-- Records to process follows --

lemma integral_odo_char:
  assumes "z \<in> dual_odo s"
  shows "(\<integral>x. odo_char s z x \<partial>\<mu>) = of_bool (z = 1)"
proof (cases "z = 1")
  case True
  then have "(\<integral>x. odo_char s z x \<partial>\<mu>) = (\<integral>x. 1 \<partial>\<mu>)"
    by (intro Bochner_Integration.integral_cong) (auto simp: odo_char_one space_haar)
  then show ?thesis using True prob_space by simp
next
  case False
  have "(\<integral>x. odo_char s z x \<partial>\<mu>) = (\<integral>x. odo_char s z (odo_shift s x) \<partial>\<mu>)"
    by (intro integral_odo_shift[symmetric] borel_measurable_continuous_on continuous_on_odo_char)
  also have "\<dots> = z * (\<integral>x. odo_char s z x \<partial>\<mu>)"
    by (subst Bochner_Integration.integral_mult_right_zero[symmetric],
        rule Bochner_Integration.integral_cong)
       (auto simp: odo_char_shift[OF assms] space_haar)
  finally have "(1 - z) * (\<integral>x. odo_char s z x \<partial>\<mu>) = 0" by (simp add: algebra_simps)
  then show ?thesis using False by simp
qed

lemma integral_odo_char_mult_cnj:
  assumes z: "z \<in> dual_odo s" and w: "w \<in> dual_odo s"
  shows "(\<integral>x. odo_char s z x * odo_char s (cnj w) x \<partial>\<mu>) = of_bool (z = w)"
proof -
  have "(\<integral>x. odo_char s z x * odo_char s (cnj w) x \<partial>\<mu>) = (\<integral>x. odo_char s (z * cnj w) x \<partial>\<mu>)"
    by (rule Bochner_Integration.integral_cong) (auto simp: odo_char_mult[OF z cnj_dual_odo[OF w]] space_haar)
  also have "\<dots> = of_bool (z * cnj w = 1)"
    by (intro integral_odo_char mult_dual_odo z cnj_dual_odo w)
  also have "z * cnj w = 1 \<longleftrightarrow> z = w"
  proof
    have wc: "w * cnj w = 1" using norm_dual_odo[OF w] by (simp flip: complex_norm_square)
    assume zw: "z * cnj w = 1"
    have "z = z * (w * cnj w)" using wc by simp
    also have "\<dots> = w * (z * cnj w)" by (simp add: algebra_simps)
    finally show "z = w" using zw by simp
  qed (simp flip: complex_norm_square add: norm_dual_odo[OF w])
  finally show ?thesis .
qed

-- Records to process concluded --

Activity
Type out each entry above again, exactly.

Answer to this exercise
lemma integral_odo_char:
  assumes "z \<in> dual_odo s"
  shows "(\<integral>x. odo_char s z x \<partial>\<mu>) = of_bool (z = 1)"
proof (cases "z = 1")
  case True
  then have "(\<integral>x. odo_char s z x \<partial>\<mu>) = (\<integral>x. 1 \<partial>\<mu>)"
    by (intro Bochner_Integration.integral_cong) (auto simp: odo_char_one space_haar)
  then show ?thesis using True prob_space by simp
next
  case False
  have "(\<integral>x. odo_char s z x \<partial>\<mu>) = (\<integral>x. odo_char s z (odo_shift s x) \<partial>\<mu>)"
    by (intro integral_odo_shift[symmetric] borel_measurable_continuous_on continuous_on_odo_char)
  also have "\<dots> = z * (\<integral>x. odo_char s z x \<partial>\<mu>)"
    by (subst Bochner_Integration.integral_mult_right_zero[symmetric],
        rule Bochner_Integration.integral_cong)
       (auto simp: odo_char_shift[OF assms] space_haar)
  finally have "(1 - z) * (\<integral>x. odo_char s z x \<partial>\<mu>) = 0" by (simp add: algebra_simps)
  then show ?thesis using False by simp
qed

lemma integral_odo_char_mult_cnj:
  assumes z: "z \<in> dual_odo s" and w: "w \<in> dual_odo s"
  shows "(\<integral>x. odo_char s z x * odo_char s (cnj w) x \<partial>\<mu>) = of_bool (z = w)"
proof -
  have "(\<integral>x. odo_char s z x * odo_char s (cnj w) x \<partial>\<mu>) = (\<integral>x. odo_char s (z * cnj w) x \<partial>\<mu>)"
    by (rule Bochner_Integration.integral_cong) (auto simp: odo_char_mult[OF z cnj_dual_odo[OF w]] space_haar)
  also have "\<dots> = of_bool (z * cnj w = 1)"
    by (intro integral_odo_char mult_dual_odo z cnj_dual_odo w)
  also have "z * cnj w = 1 \<longleftrightarrow> z = w"
  proof
    have wc: "w * cnj w = 1" using norm_dual_odo[OF w] by (simp flip: complex_norm_square)
    assume zw: "z * cnj w = 1"
    have "z = z * (w * cnj w)" using wc by simp
    also have "\<dots> = w * (z * cnj w)" by (simp add: algebra_simps)
    finally show "z = w" using zw by simp
  qed (simp flip: complex_norm_square add: norm_dual_odo[OF w])
  finally show ?thesis .
qed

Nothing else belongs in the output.